Tax credits for carbon capture

Tax credits for carbon capture

February 18, 2021 | By Keith Martin in Washington, DC

The market is showing early signs of a stampede to install carbon capture equipment at power plants and industrial facilities with significant carbon footprints to qualify for federal tax credits.

Some tax equity investors are circling possible carbon sequestration transactions with the aim of closing their first such transactions this year.

The US government offers a tax credit for capturing carbon emissions at industrial facilities and then doing one of three things with them. The tax credit is found in section 45Q of the US tax code.

There are deadlines to do certain things.

The tax credit amount and how long the tax credits run depend on when and how these items fall into place.

The US has 13 commercial-scale carbon capture facilities currently in operation with the capacity to capture 25 million metric tons of CO2 a year. More than 30 new projects have been announced since Congress revamped the tax credit in early 2018.

The IRS has disallowed more than half the tax credits claimed to date. The main reason is taxpayers have not been complying with the US Environmental Protection Agency requirements for monitoring, reporting and verification of the carbon emissions captured.

Qualified Emissions Source

The emissions must be from a factory, refinery, power plant or other fuel combustion source, fuel cell, pipeline or manufacturing process. If the carbon dioxide is underground, drawing it out counts as long as the commercial goal is to recover some other gas mixed with it.

The facility that is the source of carbon emissions can already exist or it can be new, but any new facility must be under construction by the end of 2025. The industrial facility must normally be completed within six years after the year construction starts.

Congress extended the deadline to start construction in a tax extenders bill in late December 2020. It may do so again as part of an infrastructure bill later this year. The extensions at the front end to start construction do not affect the six-year period at the back end to finish construction.

The carbon capture equipment must also already be in place or be under construction by December 2025 or have been part of the original planning and design for the industrial facility.

The captured carbon emissions must be emissions that “would otherwise be released into the atmosphere as industrial emission[s] of greenhouse gas or lead to such release,” according to the statute authorizing tax credits to be claimed. The captured emissions can be any form of carbon oxide. Although the rest of this article uses CO2 as shorthand when describing the emissions, both carbon monoxide and carbon dioxide emissions qualify.

The volume of CO2 from the emissions source each year must reach certain thresholds.

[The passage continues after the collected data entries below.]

(* Let $\mathbf k$ be a field which is finite or algebraically closed, $V$ a finite-dimensional $\mathbf k$-vector space with a nondegenerate quadratic form $Q$, and $X^*$ a $Q$-filtration of $V$. Then $\{1+N:N\in E^{\ge2}X^*\}\subset SO_Q$.
   Context: $\langle x,y\rangle=Q(x+y)-Q(x)-Q(y)$, $R$ its radical; $Q$ is nondegenerate if $Q|_R$ is injective. $W^\perp=\{x:\langle x,W\rangle=0\}$. $O_Q=\{T\in GL(V):Q(Tx)=Q(x)\ \forall x\}$; if $\mathbf k$ is algebraically closed $SO_Q$ is the identity component of $O_Q$, if $\mathbf k$ is finite $SO_Q=O_Q\cap SO_{\tilde Q}$ with $\tilde Q$ the extension of $Q$ to an algebraic closure. $\tilde{\mathcal M}_Q$ is the set of nilpotent $N\in\mathrm{End}(V)$ with $Q(Nx)=-\langle x,Nx\rangle$ for all $x$. A $Q$-filtration is a decreasing family $(X^{\ge a})_{a\in\mathbb Z}$ of subspaces, $0$ for $a\gg0$, $V$ for $a\ll0$, with $Q|_{X^{\ge a}}=0$ and $X^{\ge1-a}=(X^{\ge a})^\perp$ for $a\ge1$. $E^{\ge2}X^*=\{N\in\tilde{\mathcal M}_Q:NX^{\ge a}\subset X^{\ge a+2}\ \forall a\}$. *)

theory Defs
  imports "HOL-Analysis.Analysis" "HOL-Computational_Algebra.Polynomial"
begin

text \<open>The vector space V is modelled as 'k^'n (coordinates w.r.t. a basis);
 endomorphisms of V as matrices 'k^'n^'n acting by *v.\<close>

definition polar :: "('k::field^'n \<Rightarrow> 'k) \<Rightarrow> 'k^'n \<Rightarrow> 'k^'n \<Rightarrow> 'k" where
  "polar Q x y = Q (x + y) - Q x - Q y"

definition quadratic_form :: "('k::field^'n \<Rightarrow> 'k) \<Rightarrow> bool" where
  "quadratic_form Q \<longleftrightarrow>
     (\<forall>c x. Q (c *s x) = c^2 * Q x) \<and>
     (\<forall>x y z. polar Q (x + y) z = polar Q x z + polar Q y z) \<and>
     (\<forall>c x y. polar Q (c *s x) y = c * polar Q x y)"

definition radical :: "('k::field^'n \<Rightarrow> 'k) \<Rightarrow> ('k^'n) set" where
  "radical Q = {x. \<forall>y. polar Q x y = 0}"

definition nondegenerate :: "('k::field^'n \<Rightarrow> 'k) \<Rightarrow> bool" where
  "nondegenerate Q \<longleftrightarrow> inj_on Q (radical Q)"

If 500,000 or fewer metric tons of CO2 are captured in a year from the emissions source, then at least 25,000 metric tons of CO2 captured that year must be put to a permitted commercial use as opposed to be being buried underground or used for enhanced oil or gas recovery.

Any power plant that does not put at least 25,000 metric tons of captured CO2 in a year to such a permitted commercial use must capture 500,000 or more metric tons of CO2 a year to qualify for tax credits.

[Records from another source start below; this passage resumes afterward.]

(* For $n\in\{0,1,2,\dots\}$ let \[ b_n=\frac14\frac{(-1)^n}{n!}\sum_{k=0}^{n}(-1)^kS(n,k)(2k-1)!!,\qquad d_n=\frac{(-1)^n}{n!}\sum_{k=0}^{n}(-1)^kS(n,k)(2k-3)!!, \] so that $d_0=-1$, $d_1=1$, $d_2=0$, $d_3=\frac16$, $b_0=b_1=b_2=\frac14$, and $b_3=\frac7{24}$. For $n\in\mathbb{N}$ let $D^{(n)}=(D_{ij})_{1\le i,j\le n}$ be the $n\times n$ matrix with $D_{ij}=d_{i-j+1}$ if $j\le i$, $D_{i,i+1}=-1$, and $D_{ij}=0$ if $j\ge i+2$. Let $B^{(n)}=(B_{ij})_{1\le i,j\le n}$ be the $n\times n$ matrix with $B_{ij}=b_{i-j+1}$ if $j\le i+1$ and $B_{ij}=0$ if $j\ge i+2$. Then for every $n\in\mathbb{N}$, \[ b_n=\frac14\det D^{(n)}\qquad\text{and}\qquad d_n=(-1)^{n-1}4^n\det B^{(n)}. \]
   Context: $S(n,k)$ are the Stirling numbers of the second kind, given by $\frac{(e^x-1)^k}{k!}=\sum_{n\ge k}S(n,k)\frac{x^n}{n!}$. Double factorials: $(2j-1)!!=1\cdot3\cdots(2j-1)$ for $j\ge1$, and $[-(2j+1)]!!=(-1)^j/(2j-1)!!$ for $j\ge0$, so $(-1)!!=1$ and $(-3)!!=-1$. *)

theory Defs
  imports Complex_Main "HOL-Combinatorics.Stirling" "Jordan_Normal_Form.Determinant"
begin

text \<open>odd_dfact k = (2k-1)!! for integer k, with the convention
  [-(2j+1)]!! = (-1)^j / (2j-1)!! for j >= 0 (so (-1)!! = 1, (-3)!! = -1).\<close>
definition odd_dfact :: "int \<Rightarrow> real" where
  "odd_dfact k =
     (if k \<ge> 0 then (\<Prod>i=1..nat k. 2 * real i - 1)
      else (-1) ^ nat (-k) / (\<Prod>i=1..nat (-k). 2 * real i - 1))"

definition b_seq :: "nat \<Rightarrow> real" where
  "b_seq n = 1/4 * ((-1) ^ n / fact n) *
     (\<Sum>k=0..n. (-1) ^ k * real (Stirling n k) * odd_dfact (int k))"

definition d_seq :: "nat \<Rightarrow> real" where
  "d_seq n = ((-1) ^ n / fact n) *
     (\<Sum>k=0..n. (-1) ^ k * real (Stirling n k) * odd_dfact (int k - 1))"

text \<open>Matrices with 0-based indices i, j < n; entry (i,j) corresponds to the
  paper's entry (i+1, j+1).\<close>
definition D_mat :: "nat \<Rightarrow> real mat" where
  "D_mat n = mat n n (\<lambda>(i, j). if j \<le> i then d_seq (i - j + 1)
                               else if j = i + 1 then -1 else 0)"

definition B_mat :: "nat \<Rightarrow> real mat" where
  "B_mat n = mat n n (\<lambda>(i, j). if j \<le> i + 1 then b_seq (i + 1 - j) else 0)"

end

theory Submission
  imports Defs "HOL-Computational_Algebra.Formal_Power_Series"
begin

text \<open>Stirling numbers are the coefficients of the powers of \<open>e^x - 1\<close>, so the
  generating functions of \<open>4 b_n\<close> and \<open>d_n\<close> are \<open>F(e^(-x) - 1)\<close> and \<open>G(e^(-x) - 1)\<close>
  with \<open>F = (1 + 2x)^(-1/2)\<close> and \<open>G = -(1 + 2x)^(1/2)\<close>; hence their product is \<open>-1\<close>.
  Expanding along the first row shows that the lower Hessenberg Toeplitz determinant built
  from the coefficients of a power series \<open>f\<close> is, up to a power of \<open>f_0\<close>, a coefficient of
  \<open>1/f\<close>, and both \<open>D\<close> and \<open>B\<close> are matrices of this kind.\<close>

text \<open>The Toeplitz matrix \<open>(a (i + 1 - j))\<close> with its first column replaced by \<open>v\<close>; the
  free first column is what makes the first-row expansion close up.\<close>
definition hessenberg_mat :: "nat \<Rightarrow> (nat \<Rightarrow> 'a::zero) \<Rightarrow> (nat \<Rightarrow> 'a) \<Rightarrow> 'a mat" where
  "hessenberg_mat n a v =
     mat n n (\<lambda>(i, j). if j = 0 then v i else if j \<le> i + 1 then a (i + 1 - j) else 0)"

lemma hessenberg_mat_carrier: "hessenberg_mat n a v \<in> carrier_mat n n"
  by (simp add: hessenberg_mat_def)

lemma mat_delete_hessenberg_mat_0_0:
  "mat_delete (hessenberg_mat (Suc n) a v) 0 0 = hessenberg_mat n a (\<lambda>i. a (Suc i))"
  unfolding hessenberg_mat_def mat_delete_def by (rule eq_matI) auto

lemma mat_delete_hessenberg_mat_0_1:
  "mat_delete (hessenberg_mat (Suc n) a v) 0 1 = hessenberg_mat n a (\<lambda>i. v (Suc i))"
  unfolding hessenberg_mat_def mat_delete_def by (rule eq_matI) auto

lemma det_hessenberg_mat_0: "det (hessenberg_mat 0 a v) = 1"
  by (subst det_def') (auto simp: hessenberg_mat_def)

lemma det_hessenberg_mat_1: "det (hessenberg_mat (Suc 0) a v) = (v 0 :: 'a::comm_ring_1)"
  by (subst det_def') (auto simp: hessenberg_mat_def)

lemma det_hessenberg_mat_Suc_Suc:
  fixes a v :: "nat \<Rightarrow> 'a::comm_ring_1"
  shows "det (hessenberg_mat (Suc (Suc n)) a v) =
    v 0 * det (hessenberg_mat (Suc n) a (\<lambda>i. a (Suc i)))
    - a 0 * det (hessenberg_mat (Suc n) a (\<lambda>i. v (Suc i)))"
proof -
  let ?H = "hessenberg_mat (Suc (Suc n)) a v"
  have "det ?H = (\<Sum>j<Suc (Suc n). ?H $$ (0, j) * cofactor ?H 0 j)"
    by (rule laplace_expansion_row[OF hessenberg_mat_carrier]) simp
  also have "\<dots> = (\<Sum>j<2. ?H $$ (0, j) * cofactor ?H 0 j)"
    by (rule sum.mono_neutral_right) (auto simp: hessenberg_mat_def)
  also have "\<dots> = ?H $$ (0, 0) * cofactor ?H 0 0 + ?H $$ (0, 1) * cofactor ?H 0 1"
    by (simp add: numeral_2_eq_2)
  also have "\<dots> = v 0 * det (hessenberg_mat (Suc n) a (\<lambda>i. a (Suc i)))
      - a 0 * det (hessenberg_mat (Suc n) a (\<lambda>i. v (Suc i)))"
    unfolding cofactor_def mat_delete_hessenberg_mat_0_0 mat_delete_hessenberg_mat_0_1
    by (simp add: hessenberg_mat_def)
  finally show ?thesis .
qed

lemma det_hessenberg_mat_Suc:
  fixes a v :: "nat \<Rightarrow> 'a::comm_ring_1"
  shows "det (hessenberg_mat (Suc n) a v) =
    (\<Sum>k\<le>n. (- a 0) ^ k * v k * det (hessenberg_mat (n - k) a (\<lambda>i. a (Suc i))))"
proof (induction n arbitrary: v)
  case 0
  show ?case by (simp add: det_hessenberg_mat_0 det_hessenberg_mat_1)
next
  case (Suc n)
  have "det (hessenberg_mat (Suc (Suc n)) a v) =
      v 0 * det (hessenberg_mat (Suc n) a (\<lambda>i. a (Suc i))) - a 0 *
      (\<Sum>k\<le>n. (- a 0) ^ k * v (Suc k) * det (hessenberg_mat (n - k) a (\<lambda>i. a (Suc i))))"
    by (simp only: det_hessenberg_mat_Suc_Suc Suc.IH)
  then show ?case
    unfolding sum.atMost_Suc_shift by (simp add: sum_distrib_left sum_negf algebra_simps)
qed

lemma det_toeplitz_hessenberg_mat:
  fixes a e :: "nat \<Rightarrow> 'a::comm_ring_1"
  assumes "Abs_fps a * Abs_fps e = 1"
  shows "det (hessenberg_mat n a (\<lambda>i. a (Suc i))) = (- a 0) ^ n * a 0 * e n"
proof (induction n rule: less_induct)
  case (less n)
  have coeff: "(\<Sum>k\<le>m. a k * e (m - k)) = (if m = 0 then 1 else 0)" for m
    using arg_cong[OF assms, of "\<lambda>h. fps_nth h m"] by (simp add: fps_mult_nth atLeast0AtMost)
  show ?case
  proof (cases n)
    case 0
    then show ?thesis
      using coeff[of 0] by (simp add: det_hessenberg_mat_0)
  next
    case (Suc m)
    have rec: "(\<Sum>k\<le>m. a (Suc k) * e (m - k)) = - a 0 * e (Suc m)"
      using coeff[of "Suc m"] unfolding sum.atMost_Suc_shift by (simp add: add_eq_0_iff)
    have "det (hessenberg_mat n a (\<lambda>i. a (Suc i))) =
        (\<Sum>k\<le>m. (- a 0) ^ k * a (Suc k) * ((- a 0) ^ (m - k) * a 0 * e (m - k)))"
      unfolding Suc det_hessenberg_mat_Suc using Suc by (intro sum.cong) (simp_all add: less.IH)
    also have "\<dots> = (- a 0) ^ m * a 0 * (\<Sum>k\<le>m. a (Suc k) * e (m - k))"
      unfolding sum_distrib_left
      by (intro sum.cong) (simp_all add: algebra_simps power_add[symmetric])
    finally show ?thesis
      unfolding rec Suc by (simp add: algebra_simps)
  qed
qed

lemma fps_deriv_exp_minus_one_power:
  fixes c :: "'a::field_char_0"
  shows "fps_deriv ((fps_exp c - 1) ^ Suc k) =
    fps_const (c * of_nat (Suc k)) * ((fps_exp c - 1) ^ Suc k + (fps_exp c - 1) ^ k)"
proof -
  let ?E = "fps_exp c - 1"
  have "fps_deriv ?E = fps_const c * (?E + 1)"
    by simp
  then have "fps_deriv (?E ^ Suc k) = fps_const (of_nat (Suc k)) * (fps_const c * (?E + 1)) * ?E ^ k"
    by (simp only: fps_deriv_power' diff_Suc_1 fps_of_nat)
  also have "\<dots> = fps_const (c * of_nat (Suc k)) * (?E ^ Suc k + ?E ^ k)"
    by (simp only: fps_const_mult[symmetric] power_Suc distrib_left distrib_right mult_ac mult_1)
  finally show ?thesis .
qed

lemma fps_nth_exp_minus_one_power:
  fixes c :: "'a::field_char_0"
  shows "fps_nth ((fps_exp c - 1) ^ k) n = c ^ n * fact k * of_nat (Stirling n k) / fact n"
proof (induction n arbitrary: k)
  case 0
  then show ?case by (cases k) (auto simp: fps_nth_power_0)
next
  case (Suc n)
  show ?case
  proof (cases k)
    case 0
    then show ?thesis by simp
  next
    case (Suc j)
    let ?E = "fps_exp c - 1"
    have "of_nat (Suc n) * fps_nth (?E ^ Suc j) (Suc n) =
        c * of_nat (Suc j) * (fps_nth (?E ^ Suc j) n + fps_nth (?E ^ j) n)"
      using arg_cong[OF fps_deriv_exp_minus_one_power[of c j], of "\<lambda>f. fps_nth f n"]
      by (simp only: fps_deriv_nth fps_mult_left_const_nth fps_add_nth Suc_eq_plus1)
    also have "\<dots> = c ^ Suc n * fact (Suc j) *
        (of_nat (Suc j) * of_nat (Stirling n (Suc j)) + of_nat (Stirling n j)) / fact n"
      unfolding Suc.IH by (simp add: field_simps)
    also have "\<dots> = c ^ Suc n * fact (Suc j) * of_nat (Stirling (Suc n) (Suc j)) / fact n"
      by (simp add: algebra_simps)
    also have "\<dots> = of_nat (Suc n) *
        (c ^ Suc n * fact (Suc j) * of_nat (Stirling (Suc n) (Suc j)) / fact (Suc n))"
      by (simp only: fact_Suc of_nat_fact) (simp del: of_nat_Suc)
    finally show ?thesis
      unfolding Suc by (simp only: mult_cancel_left of_nat_eq_0_iff nat.distinct simp_thms)
  qed
qed

lemma fps_compose_exp_minus_one_nth:
  fixes a :: "nat \<Rightarrow> 'a::field_char_0"
  shows "fps_nth (Abs_fps (\<lambda>k. a k / fact k) oo (fps_exp c - 1)) n =
    c ^ n / fact n * (\<Sum>k=0..n. of_nat (Stirling n k) * a k)"
  unfolding fps_compose_nth fps_nth_exp_minus_one_power sum_distrib_left
  by (intro sum.cong) simp_all

lemma fps_deriv_mult_one_plus_2X:
  fixes f :: "'a::comm_ring_1 fps"
  assumes "\<And>k. of_nat (Suc k) * fps_nth f (Suc k) = - (2 * of_nat k + c) * fps_nth f k"
  shows "fps_deriv f * (1 + fps_const 2 * fps_X) = fps_const (- c) * f"
proof (rule fps_ext)
  fix n
  show "fps_nth (fps_deriv f * (1 + fps_const 2 * fps_X)) n = fps_nth (fps_const (- c) * f) n"
    using assms[of n] assms[of "n - 1"]
    by (cases n) (simp_all add: algebra_simps)
qed

lemma fps_mult_eq_const_if_deriv_mult:
  fixes f g p :: "'a::{idom, semiring_char_0} fps"
  assumes "fps_deriv f * p = fps_const c * f" "fps_deriv g * p = fps_const (- c) * g" "p \<noteq> 0"
  shows "f * g = fps_const (fps_nth f 0 * fps_nth g 0)"
proof -
  have "fps_deriv (f * g) * p = (fps_deriv f * p) * g + f * (fps_deriv g * p)"
    by (simp add: algebra_simps)
  also have "\<dots> = 0"
    unfolding assms(1,2) by (simp add: algebra_simps flip: fps_const_neg)
  finally have "fps_deriv (f * g) = 0"
    using assms(3) by simp
  then show ?thesis
    by (simp only: fps_deriv_eq_0_iff fps_mult_nth_0)
qed

lemma odd_dfact_Suc: "odd_dfact (int (Suc k)) = (2 * real k + 1) * odd_dfact (int k)"
  unfolding odd_dfact_def by (simp only: nat_int) (simp add: prod.cl_ivl_Suc algebra_simps)

lemma odd_dfact_eq_pred: "odd_dfact (int k) = (2 * real k - 1) * odd_dfact (int k - 1)"
proof (cases k)
  case 0
  then show ?thesis by (simp add: odd_dfact_def)
next
  case (Suc m)
  then show ?thesis using odd_dfact_Suc[of m] by simp
qed

text \<open>\<open>F\<close> and \<open>G\<close> above; only the differential equations they satisfy are used.\<close>

definition inv_sqrt_fps :: "real fps" where
  "inv_sqrt_fps = Abs_fps (\<lambda>k. (-1) ^ k * odd_dfact (int k) / fact k)"

definition neg_sqrt_fps :: "real fps" where
  "neg_sqrt_fps = Abs_fps (\<lambda>k. (-1) ^ k * odd_dfact (int k - 1) / fact k)"

lemma inv_sqrt_fps_mult_neg_sqrt_fps: "inv_sqrt_fps * neg_sqrt_fps = -1"
proof -
  have inv_sqrt: "fps_deriv inv_sqrt_fps * (1 + fps_const 2 * fps_X) = fps_const (- 1) * inv_sqrt_fps"
    by (rule fps_deriv_mult_one_plus_2X)
       (simp add: inv_sqrt_fps_def odd_dfact_Suc field_simps del: of_nat_Suc)
  have neg_sqrt: "fps_deriv neg_sqrt_fps * (1 + fps_const 2 * fps_X) = fps_const (- (- 1)) * neg_sqrt_fps"
  proof (rule fps_deriv_mult_one_plus_2X)
    fix k
    have shift: "odd_dfact (int (Suc k) - 1) = odd_dfact (int k)"
      by simp
    show "real (Suc k) * fps_nth neg_sqrt_fps (Suc k) = - (2 * real k + - 1) * fps_nth neg_sqrt_fps k"
      by (simp add: neg_sqrt_fps_def shift odd_dfact_eq_pred field_simps del: of_nat_Suc)
  qed
  have "fps_nth (1 + fps_const 2 * fps_X) 0 = (1 :: real)"
    by simp
  then have "1 + fps_const 2 * fps_X \<noteq> (0 :: real fps)"
    by force
  from fps_mult_eq_const_if_deriv_mult[OF inv_sqrt neg_sqrt this]
  have "inv_sqrt_fps * neg_sqrt_fps = fps_const (- 1)"
    by (simp add: inv_sqrt_fps_def neg_sqrt_fps_def odd_dfact_def)
  then show ?thesis
    by (metis fps_const_1_eq_1 fps_const_neg)
qed

lemma b_seq_fps: "Abs_fps (\<lambda>n. 4 * b_seq n) = inv_sqrt_fps oo (fps_exp (-1) - 1)"
proof (rule fps_ext)
  fix n
  show "fps_nth (Abs_fps (\<lambda>n. 4 * b_seq n)) n = fps_nth (inv_sqrt_fps oo (fps_exp (-1) - 1)) n"
    unfolding inv_sqrt_fps_def fps_compose_exp_minus_one_nth by (simp add: b_seq_def mult_ac)
qed

lemma d_seq_fps: "Abs_fps d_seq = neg_sqrt_fps oo (fps_exp (-1) - 1)"
proof (rule fps_ext)
  fix n
  show "fps_nth (Abs_fps d_seq) n = fps_nth (neg_sqrt_fps oo (fps_exp (-1) - 1)) n"
    unfolding neg_sqrt_fps_def fps_compose_exp_minus_one_nth by (simp add: d_seq_def mult_ac)
qed

lemma b_seq_fps_mult_d_seq_fps: "Abs_fps (\<lambda>n. 4 * b_seq n) * Abs_fps d_seq = -1"
  unfolding b_seq_fps d_seq_fps
  by (simp add: inv_sqrt_fps_mult_neg_sqrt_fps fps_compose_uminus flip: fps_compose_mult_distrib)

lemma d_seq_fps_reciprocal: "Abs_fps d_seq * Abs_fps (\<lambda>n. - 4 * b_seq n) = 1"
proof -
  have "Abs_fps (\<lambda>n. - 4 * b_seq n) = - Abs_fps (\<lambda>n. 4 * b_seq n)"
    by (rule fps_ext) simp
  then show ?thesis
    using b_seq_fps_mult_d_seq_fps by (simp add: mult.commute)
qed

lemma b_seq_fps_reciprocal: "Abs_fps b_seq * Abs_fps (\<lambda>n. - 4 * d_seq n) = 1"
proof -
  have "Abs_fps b_seq * Abs_fps (\<lambda>n. - 4 * d_seq n) = - (Abs_fps (\<lambda>n. 4 * b_seq n) * Abs_fps d_seq)"
    unfolding fps_eq_iff fps_mult_nth fps_neg_nth fps_nth_Abs_fps
    by (simp add: sum_negf[symmetric] algebra_simps)
  then show ?thesis
    by (simp add: b_seq_fps_mult_d_seq_fps)
qed

lemma b_seq_0: "b_seq 0 = 1 / 4"
  by (simp add: b_seq_def odd_dfact_def)

lemma d_seq_0: "d_seq 0 = - 1"
  by (simp add: d_seq_def odd_dfact_def)

lemma D_mat_eq_hessenberg_mat: "D_mat n = hessenberg_mat n d_seq (\<lambda>i. d_seq (Suc i))"
  unfolding D_mat_def hessenberg_mat_def by (rule eq_matI) (auto simp: d_seq_0 Suc_diff_le)

lemma B_mat_eq_hessenberg_mat: "B_mat n = hessenberg_mat n b_seq (\<lambda>i. b_seq (Suc i))"
  unfolding B_mat_def hessenberg_mat_def by (rule eq_matI) (auto simp: Suc_diff_le)

theorem theorem6p5:
  fixes n :: nat
  assumes "n \<ge> 1"
  shows "b_seq n = 1/4 * det (D_mat n)
       \<and> d_seq n = (-1) ^ (n - 1) * 4 ^ n * det (B_mat n)"
proof
  have "det (D_mat n) = 4 * b_seq n"
    using det_toeplitz_hessenberg_mat[OF d_seq_fps_reciprocal, of n]
    by (simp add: D_mat_eq_hessenberg_mat d_seq_0)
  then show "b_seq n = 1/4 * det (D_mat n)"
    by simp
  have "det (B_mat n) = - ((- 1 / 4) ^ n) * d_seq n"
    using det_toeplitz_hessenberg_mat[OF b_seq_fps_reciprocal, of n]
    by (simp add: B_mat_eq_hessenberg_mat b_seq_0)
  moreover have "(-1) ^ (n - 1) * 4 ^ n * (- ((- 1 / 4) ^ n)) = (1 :: real)"
    using assms by (cases n) (simp_all add: power_mult_distrib[symmetric])
  ultimately show "d_seq n = (-1) ^ (n - 1) * 4 ^ n * det (B_mat n)"
    by (metis mult.assoc mult_1)
qed

end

Any other facility that does not put at least 25,000 metric tons of CO2 in a year to a permitted commercial use must capture at least 100,000 metric tons of CO2 a year to qualify.

Permitted Uses

One of three things must be done with the CO2 after it is captured.

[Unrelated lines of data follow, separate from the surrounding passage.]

lemma Gfun_circle_param_eq_iff:
  assumes s: "s \<in> trace_one"
  shows "Gfun k r (circle_param s) = rel_trace (a * circle_param s)
    \<longleftrightarrow> linearized (1 + rel_trace a) s = a"
proof -
  define u v S V where "u = circle_param s" and "v = (s + 1) / s"
    and "S = s ^ 2 ^ r" and "V = v ^ 2 ^ r"
  have u: "u \<in> unit_circle"
    using circle_param_unit_circle[OF s] by (simp add: u_def)
  have "s \<noteq> 0" "S \<noteq> 0"
    using trace_one_nonzero[OF s] by (simp_all add: S_def)
  have "1 + v \<noteq> 0"
    using mobius_ne_1[OF s] by (auto simp: v_def add_eq_0_iff_eq)
  have V: "V = (S + 1) / S"
    by (simp add: V_def v_def S_def power_divide power_two_pow_add)
  have "u ^ 2 = V"
  proof -
    have "(2::nat) ^ (r - 1) * 2 = 2 ^ r"
      using one_less_r by (intro power_minus_mult) simp
    then show ?thesis
      by (simp only: u_def circle_param_def V_def v_def power_mult[symmetric])
  qed
  have "u * u ^ 2 ^ k = 1"
    using unit_circle_conj[OF u] unit_circle_nonzero[OF u] by simp
  then have trace: "u * rel_trace (a * u) = a * V + a ^ 2 ^ k"
    using \<open>u ^ 2 = V\<close> by (simp add: rel_trace_def power_mult_distrib power2_eq_square algebra_simps)
  have "Suc (2 ^ r - 1) = 2 ^ r"
    by simp
  then have G: "u * Gfun k r u * (1 + v) = v + V"
    using unit_circle_mult_Gfun[OF u] circle_root_circle_param[OF s] geometric_sum[where m = "2 ^ r - 1" and v = v]
    by (simp add: u_def v_def V_def)
  have "Gfun k r u = rel_trace (a * u)
      \<longleftrightarrow> u * Gfun k r u * (1 + v) = u * rel_trace (a * u) * (1 + v)"
    using unit_circle_nonzero[OF u] \<open>1 + v \<noteq> 0\<close> by simp
  also have "\<dots> \<longleftrightarrow> v + V = (a * V + a ^ 2 ^ k) * (1 + v)"
    by (simp only: G trace)
  also have "\<dots> \<longleftrightarrow> (1 + a + a ^ 2 ^ k) * S + s = a"
    unfolding V v_def using \<open>s \<noteq> 0\<close> \<open>S \<noteq> 0\<close> by (rule mobius_equation_iff)
  finally show ?thesis
    by (simp add: u_def linearized_def rel_trace_def S_def add.assoc)
qed

lemma card_Gfun_eq_rel_trace:
  "card {u \<in> unit_circle. Gfun k r u = rel_trace (a * u)}
    = (if rel_trace a = 1 then 1 else 0) + card {s \<in> trace_one. linearized (1 + rel_trace a) s = a}"
proof -
  define P where "P u \<longleftrightarrow> Gfun k r u = rel_trace (a * u)" for u
  define U1 where "U1 = {u \<in> unit_circle - {1}. P u}"
  have "P 1 \<longleftrightarrow> rel_trace a = 1"
    by (auto simp: P_def Gfun_one)
  then have "{u \<in> unit_circle. P u} = (if rel_trace a = 1 then insert 1 U1 else U1)"
    by (auto simp: U1_def)
  then have "card {u \<in> unit_circle. P u} = (if rel_trace a = 1 then 1 else 0) + card U1"
    by (simp add: U1_def)
  also have "U1 = circle_param ` {s \<in> trace_one. P (circle_param s)}"
    using bij_betw_imp_surj_on[OF bij_betw_circle_param] by (auto simp: U1_def)
  also have "card \<dots> = card {s \<in> trace_one. P (circle_param s)}"
    using bij_betw_imp_inj_on[OF bij_betw_circle_param] by (auto intro: card_image inj_on_subset)
  also have "{s \<in> trace_one. P (circle_param s)} = {s \<in> trace_one. linearized (1 + rel_trace a) s = a}"
    using Gfun_circle_param_eq_iff by (auto simp: P_def)
  finally show ?thesis
    by (simp add: P_def)
qed

lemma dual_Glam_one:
  "dual (2 * k) (Glam k r 1) z = (if (if rel_trace z = 1 then 1 else 0)
     + card {s \<in> trace_one. linearized (1 + rel_trace z) s = z} = (2::nat) then 0 else 1)"
proof -
  have "Glam k r (1::'a) = (\<lambda>x. tr k (Gfun k r x))"
    by (simp add: Glam_def fun_eq_iff)
  then have "dual (2 * k) (Glam k r 1) z
      = (if card {u \<in> unit_circle. Gfun k r u = rel_trace (z * u)} = 2 then 0 else 1)"
    using dual_tr_homogeneous[OF Gfun_zero Gfun_homogeneous Gfun_unit_circle_mem_Fk] by simp
  then show ?thesis
    by (simp only: card_Gfun_eq_rel_trace)
qed

lemma dual_Glam_one_trace_one: "rel_trace z = 1 \<Longrightarrow> dual (2 * k) (Glam k r 1) z = 0"
proof -
  assume "rel_trace z = 1"
  then have "{s \<in> trace_one. linearized (1 + rel_trace z) s = z} = {z}"
    by (auto simp: linearized_def trace_one_def)
  then show ?thesis
    using \<open>rel_trace z = 1\<close> dual_Glam_one[of z] by simp
qed

lemma dual_Glam_one_trace_ne_one:
  "rel_trace z \<noteq> 1 \<Longrightarrow> dual (2 * k) (Glam k r 1) z
    = (if card {s \<in> trace_one. linearized (1 + rel_trace z) s = z} = 2 then 0 else 1)"
  using dual_Glam_one[of z] by simp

The person capturing the CO2 can dispose of it or contract with someone else to dispose of it underground in secure geological storage. It can use the CO2 or arrange for someone else to use the CO2 as a tertiary injectant for enhanced oil or gas recovery followed by disposal in secure geological storage. Alternatively, it can put the CO2 to a permitted commercial use.

IRS regulations describe three permitted commercial uses.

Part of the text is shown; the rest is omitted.